When I saw the deer on the side of the road, I realized that we all better get used to seeing bodies. Almost everyone I have talked to saw Kirk’s neck open with their own eyes. We have entered an age where nothing is sacred, and death is the new currency to stimulate the attention economy. When shots ring out again, and another death finds its way on our timelines, will it feel the same? Or does Kirk’s death mean something else? Did we only feel that strong tug of empathy because he was famous? I’m afraid so. If we are all shockingly aware of starvation, violence, disease, subjugation, bigotry and genocide constantly, why do we only care when Kirk dies? What stops us from caring when, at the time of writing, fourteen other innocent people were killed by Israeli missiles mere hours ago? You will never hear their names, you will never be made to care about them, and you will certainly never have your government doing everything in its power to “defend their memory.” In fact, your government is actively erasing them.

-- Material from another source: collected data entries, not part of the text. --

lemma k_subsets_insert_Suc:
  assumes "finite V" "m \<notin> V"
  shows "k_subsets (insert m V) (Suc r) = insert m ` k_subsets V r \<union> k_subsets V (Suc r)"
proof (intro equalityI subsetI)
  fix R assume R: "R \<in> k_subsets (insert m V) (Suc r)"
  then have "finite R"
    using assms(1) finite_subset by (auto simp: k_subsets_def)
  show "R \<in> insert m ` k_subsets V r \<union> k_subsets V (Suc r)"
  proof (cases "m \<in> R")
    case True
    then have "R = insert m (R - {m})" "R - {m} \<in> k_subsets V r"
      using R \<open>finite R\<close> assms(2) by (auto simp: k_subsets_def)
    then show ?thesis by blast
  next
    case False
    then show ?thesis using R by (auto simp: k_subsets_def)
  qed
next
  fix R assume "R \<in> insert m ` k_subsets V r \<union> k_subsets V (Suc r)"
  then show "R \<in> k_subsets (insert m V) (Suc r)"
  proof
    assume "R \<in> insert m ` k_subsets V r"
    then obtain R' where "R = insert m R'" "R' \<subseteq> V" "card R' = r"
      by (auto simp: k_subsets_def)
    moreover have "finite R'" "m \<notin> R'"
      using assms finite_subset \<open>R' \<subseteq> V\<close> by blast+
    ultimately show ?thesis
      by (auto simp: k_subsets_def)
  qed (auto simp: k_subsets_def)
qed

lemma outside_insert_min_in:
  assumes "finite V" "\<forall>v\<in>V. m < v" "R \<subseteq> V"
  shows "outside_below (insert m V) (insert m R) = outside_below V R"
    and "outside_above (insert m V) (insert m R) = outside_above V R + card (V - R)"
proof -
  have R: "finite R" "m \<notin> R" "m \<notin> V"
    using assms finite_subset by auto
  have "{v \<in> insert m V - insert m R. v < j} = {v \<in> V - R. v < j}" for j
    using R(2) assms(2) by auto
  moreover have "card {v \<in> V - R. v < m} = 0"
    using assms(2) by (auto simp: card_eq_0_iff)
  ultimately show "outside_below (insert m V) (insert m R) = outside_below V R"
    using R by (simp add: outside_below_def)
  have "{v \<in> insert m V - insert m R. j < v} = {v \<in> V - R. j < v}" for j
    using R by auto
  moreover have "{v \<in> V - R. m < v} = V - R"
    using assms(2) by auto
  ultimately show "outside_above (insert m V) (insert m R) = outside_above V R + card (V - R)"
    using R by (simp add: outside_above_def)
qed

lemma outside_insert_min_notin:
  assumes "finite V" "\<forall>v\<in>V. m < v" "R \<subseteq> V"
  shows "outside_below (insert m V) R = outside_below V R + card R"
    and "outside_above (insert m V) R = outside_above V R"
proof -
  have R: "finite R" "m \<notin> R" "m \<notin> V"
    using assms finite_subset by auto
  have "card {v \<in> insert m V - R. v < j} = card {v \<in> V - R. v < j} + 1" if "j \<in> R" for j
  proof -
    have "{v \<in> insert m V - R. v < j} = insert m {v \<in> V - R. v < j}"
      using that assms(2,3) R(2) by auto
    then show ?thesis
      using assms(1) R(3) by simp
  qed
  then show "outside_below (insert m V) R = outside_below V R + card R"
    by (simp add: outside_below_def sum_Suc)
  have "{v \<in> insert m V - R. j < v} = {v \<in> V - R. j < v}" if "j \<in> R" for j
    using that assms(2,3) by (auto dest: less_asym)
  then show "outside_above (insert m V) R = outside_above V R"
    by (simp add: outside_above_def)
qed

lemma sum_k_subsets_outside:
  fixes x y :: "'b::comm_semiring_1"
  assumes "finite V"
  shows "(\<Sum>R\<in>k_subsets V r. x ^ outside_below V R * y ^ outside_above V R) = homog_gauss x y (card V) r"
  using assms
proof (induction V arbitrary: r rule: finite_linorder_min_induct)
  case empty
  have "k_subsets ({} :: 'a set) r = (if r = 0 then {{}} else {})"
    by (auto simp: k_subsets_def)
  then show ?case
    by (cases r) (simp_all add: outside_below_def outside_above_def)
next
  case (insert m V)
  let ?f = "\<lambda>V R. x ^ outside_below V R * y ^ outside_above V R"
  have m: "m \<notin> V"
    using insert.hyps(2) by blast
  show ?case
  proof (cases r)
    case 0
    then show ?thesis
      using insert.hyps(1) by (simp add: k_subsets_0 outside_below_def outside_above_def)
  next
    case (Suc s)
    have in_m: "?f (insert m V) (insert m R) = y ^ (card V - s) * ?f V R" if "R \<in> k_subsets V s" for R
      using that insert.hyps(1,2) outside_insert_min_in[OF insert.hyps(1,2)]
      by (auto simp: k_subsets_def card_Diff_subset finite_subset power_add mult_ac)
    have notin_m: "?f (insert m V) R = x ^ Suc s * ?f V R" if "R \<in> k_subsets V (Suc s)" for R
      using that outside_insert_min_notin[OF insert.hyps(1,2)]
      by (auto simp: k_subsets_def power_add mult_ac)
    have "(\<Sum>R\<in>k_subsets (insert m V) r. ?f (insert m V) R) =
        (\<Sum>R\<in>insert m ` k_subsets V s. ?f (insert m V) R) + (\<Sum>R\<in>k_subsets V (Suc s). ?f (insert m V) R)"
      unfolding Suc k_subsets_insert_Suc[OF insert.hyps(1) m]
      by (rule sum.union_disjoint) (auto simp: finite_k_subsets insert.hyps(1) k_subsets_def m)
    also have "(\<Sum>R\<in>insert m ` k_subsets V s. ?f (insert m V) R) =
        (\<Sum>R\<in>k_subsets V s. ?f (insert m V) (insert m R))"
      using m by (intro sum.reindex_cong[of "insert m"]) (auto simp: inj_on_def k_subsets_def)
    finally show ?thesis
      using m insert.hyps(1)
      by (simp add: Suc in_m notin_m insert.IH sum_distrib_left[symmetric])
  qed
qed

lemma outside_image_antimono:
  fixes f :: "'a::linorder \<Rightarrow> 'b::linorder"
  assumes inj: "inj_on f V" and anti: "\<And>u v. u \<in> V \<Longrightarrow> v \<in> V \<Longrightarrow> u < v \<Longrightarrow> f v < f u"
    and "R \<subseteq> V"
  shows "outside_below (f ` V) (f ` R) = outside_above V R"
    and "outside_above (f ` V) (f ` R) = outside_below V R"
proof -
  have less_iff: "f u < f v \<longleftrightarrow> v < u" if "u \<in> V" "v \<in> V" for u v
    using anti[OF that] anti[OF that(2,1)] inj that by (metis inj_on_eq_iff less_asym neqE)
  have diff: "f ` V - f ` R = f ` (V - R)"
    using inj assms(3) by (simp add: inj_on_image_set_diff)
  have inj_R: "inj_on f R"
    using inj assms(3) by (rule inj_on_subset)
  have card_image_V: "card (f ` {v \<in> V - R. P v}) = card {v \<in> V - R. P v}" for P
    using inj by (rule card_image[OF inj_on_subset]) blast
  have cards: "card {w \<in> f ` V - f ` R. w < f j} = card {v \<in> V - R. j < v}"
    "card {w \<in> f ` V - f ` R. f j < w} = card {v \<in> V - R. v < j}" if "j \<in> R" for j
  proof -
    have "{w \<in> f ` V - f ` R. w < f j} = f ` {v \<in> V - R. j < v}"
      "{w \<in> f ` V - f ` R. f j < w} = f ` {v \<in> V - R. v < j}"
      using that assms(3) unfolding diff by (auto simp: less_iff)
    then show "card {w \<in> f ` V - f ` R. w < f j} = card {v \<in> V - R. j < v}"
      "card {w \<in> f ` V - f ` R. f j < w} = card {v \<in> V - R. v < j}"
      by (simp_all only: card_image_V)
  qed
  show "outside_below (f ` V) (f ` R) = outside_above V R"
    unfolding outside_below_def outside_above_def sum.reindex[OF inj_R] comp_def
    by (rule sum.cong[OF refl]) (rule cards)
  show "outside_above (f ` V) (f ` R) = outside_below V R"
    unfolding outside_below_def outside_above_def sum.reindex[OF inj_R] comp_def
    by (rule sum.cong[OF refl]) (rule cards)
qed

lemma bij_betw_image_k_subsets:
  assumes "inj_on f V"
  shows "bij_betw (image f) (k_subsets V r) (k_subsets (f ` V) r)"
  unfolding bij_betw_def
proof
  show "inj_on (image f) (k_subsets V r)"
    using inj_on_image_Pow[OF assms] by (rule inj_on_subset) (auto simp: k_subsets_def)
  have "card (f ` R) = card R" if "R \<subseteq> V" for R
    using that assms by (auto intro: card_image inj_on_subset)
  then show "image f ` k_subsets V r = k_subsets (f ` V) r"
    by (auto simp: k_subsets_def subset_image_iff image_mono)
qed

lemma homog_gauss_commute: "homog_gauss y x h r = homog_gauss x y h r"
proof -
  let ?V = "{..<h}" and ?f = "\<lambda>v. h - v"
  have inj: "inj_on ?f ?V"
    by (auto simp: inj_on_def)
  have anti: "?f v < ?f u" if "u \<in> ?V" "v \<in> ?V" "u < v" for u v
    using that by simp
  have "homog_gauss y x h r = (\<Sum>R\<in>k_subsets ?V r. y ^ outside_below ?V R * x ^ outside_above ?V R)"
    using sum_k_subsets_outside[of ?V y x r] by simp
  also have "\<dots> = (\<Sum>R\<in>k_subsets ?V r.
      x ^ outside_below (?f ` ?V) (?f ` R) * y ^ outside_above (?f ` ?V) (?f ` R))"
    using outside_image_antimono[OF inj anti] by (intro sum.cong) (auto simp: k_subsets_def mult.commute)
  also have "\<dots> = (\<Sum>R\<in>k_subsets (?f ` ?V) r. x ^ outside_below (?f ` ?V) R * y ^ outside_above (?f ` ?V) R)"
    by (rule sum.reindex_bij_betw[OF bij_betw_image_k_subsets[OF inj]])
  also have "\<dots> = homog_gauss x y h r"
    by (simp add: sum_k_subsets_outside card_image[OF inj])
  finally show ?thesis .
qed

section \<open>Arc systems\<close>

definition arc_systems :: "'a::linorder multiset \<Rightarrow> 'a set \<Rightarrow> ('a \<times> 'a) set set" where
  "arc_systems S T = {A. finite A \<and> (\<forall>e\<in>A. fst e < snd e) \<and> inj_on snd A \<and>
     image_mset fst (mset_set A) = S \<and> snd ` A = T}"

lemma arc_systems_mem:
  "A \<in> arc_systems S T \<Longrightarrow> e \<in> A \<Longrightarrow> fst e \<in># S \<and> snd e \<in> T \<and> fst e < snd e"
  unfolding arc_systems_def by force

lemma finite_arc_systems: "finite T \<Longrightarrow> finite (arc_systems S T)"
proof -
  assume "finite T"
  moreover have "arc_systems S T \<subseteq> Pow (set_mset S \<times> T)"
    using arc_systems_mem by fastforce
  ultimately show ?thesis
    by (meson finite_Pow_iff finite_SigmaI finite_set_mset finite_subset)
qed

lemma count_image_mset_fst:
  "finite A \<Longrightarrow> count (image_mset fst (mset_set A)) a = card {e \<in> A. fst e = a}"
  by (simp add: count_image_mset vimage_def Int_def conj_commute)

lemma arc_systems_insert_block:
  assumes T: "finite T" and R: "R \<in> k_subsets {j \<in> T. a < j} (count S a)"
    and A: "A \<in> arc_systems {#i \<in># S. i \<noteq> a#} (T - R)"
  shows "A \<union> {a} \<times> R \<in> arc_systems S T"
proof -
  have RT: "R \<subseteq> T" "\<forall>j\<in>R. a < j" "card R = count S a" "finite R"
    using R T by (auto simp: k_subsets_def intro: finite_subset)
  have "finite A" and "\<forall>e\<in>A. fst e < snd e" and "inj_on snd A"
    and lefts: "image_mset fst (mset_set A) = {#i \<in># S. i \<noteq> a#}" and rights: "snd ` A = T - R"
    using A by (auto simp: arc_systems_def)
  have not_a: "fst e \<noteq> a" if "e \<in> A" for e
    using arc_systems_mem[OF A that] by simp
  have "count (image_mset fst (mset_set (A \<union> {a} \<times> R))) c = count S c" for c
  proof -
    have "{e \<in> A \<union> {a} \<times> R. fst e = c} = (if c = a then {a} \<times> R else {e \<in> A. fst e = c})"
      using not_a by auto
    then show ?thesis
      using count_image_mset_fst[of A c] lefts RT \<open>finite A\<close>
      by (auto simp: count_image_mset_fst card_cartesian_product_singleton)
  qed
  moreover have "inj_on snd (A \<union> {a} \<times> R)"
  proof -
    have "\<forall>e\<in>A. snd e \<notin> R"
      using rights by blast
    then show ?thesis
      unfolding inj_on_Un using \<open>inj_on snd A\<close> by (auto simp: inj_on_def)
  qed
  moreover have "snd ` (A \<union> {a} \<times> R) = T"
    using rights RT(1) by (auto simp: image_Un)
  ultimately show ?thesis
    using \<open>finite A\<close> \<open>\<forall>e\<in>A. fst e < snd e\<close> RT
    by (auto simp: arc_systems_def multiset_eq_iff)
qed

lemma arc_systems_remove_block:
  assumes A: "A \<in> arc_systems S T"
  shows "{j. (a, j) \<in> A} \<in> k_subsets {j \<in> T. a < j} (count S a)"
    and "{e \<in> A. fst e \<noteq> a} \<in> arc_systems {#i \<in># S. i \<noteq> a#} (T - {j. (a, j) \<in> A})"
proof -
  have "finite A" and lt: "\<forall>e\<in>A. fst e < snd e" and inj: "inj_on snd A"
    and lefts: "image_mset fst (mset_set A) = S" and rights: "snd ` A = T"
    using A by (auto simp: arc_systems_def)
  have "{e \<in> A. fst e = a} = {a} \<times> {j. (a, j) \<in> A}"
    by auto
  then have "card {j. (a, j) \<in> A} = count S a"
    using count_image_mset_fst[OF \<open>finite A\<close>, of a] lefts
    by (simp add: card_cartesian_product_singleton)
  moreover have "{j. (a, j) \<in> A} \<subseteq> {j \<in> T. a < j}"
    using lt rights by force
  ultimately show "{j. (a, j) \<in> A} \<in> k_subsets {j \<in> T. a < j} (count S a)"
    by (simp add: k_subsets_def)
  have "mset_set {e \<in> A. fst e \<noteq> a} = filter_mset (\<lambda>e. fst e \<noteq> a) (mset_set A)"
    using \<open>finite A\<close> by simp
  then have "image_mset fst (mset_set {e \<in> A. fst e \<noteq> a}) = {#i \<in># S. i \<noteq> a#}"
    using lefts image_mset_filter_mset_swap[of fst "\<lambda>i. i \<noteq> a" "mset_set A"] by simp
  moreover have "snd ` {e \<in> A. fst e \<noteq> a} = T - {j. (a, j) \<in> A}"
  proof
    show "snd ` {e \<in> A. fst e \<noteq> a} \<subseteq> T - {j. (a, j) \<in> A}"
      using inj rights by (force simp: inj_on_def)
    show "T - {j. (a, j) \<in> A} \<subseteq> snd ` {e \<in> A. fst e \<noteq> a}"
      using rights by force
  qed
  ultimately show "{e \<in> A. fst e \<noteq> a} \<in> arc_systems {#i \<in># S. i \<noteq> a#} (T - {j. (a, j) \<in> A})"
    using \<open>finite A\<close> lt inj by (auto simp: arc_systems_def intro: inj_on_subset)
qed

Death, to me, is not something to be in fear of. Fear, in a way, is only another form of denial. We should never fear discussing death. It is not a taboo, and we no longer have the privilege to avoid it. However, we must always fear violence and the pain inflicted on one that harms another that doesn’t stop until we all suffer. There are times in which I want to eclipse all aspects of serenity, to douse every blooming flower in gasoline to spite a world so full of indifference. Such anger is natural, but it must be channeled into righteous anger that breathes life into the world, not severs it from beauty. We must give what we have to those who are without. We must forgive those who would never in a million years forgive us. We must defend the ones we love, but never start by killing the ones we hate. If we are all destined to die, then I will continue to pray, for every night of my life, that we all begin to live.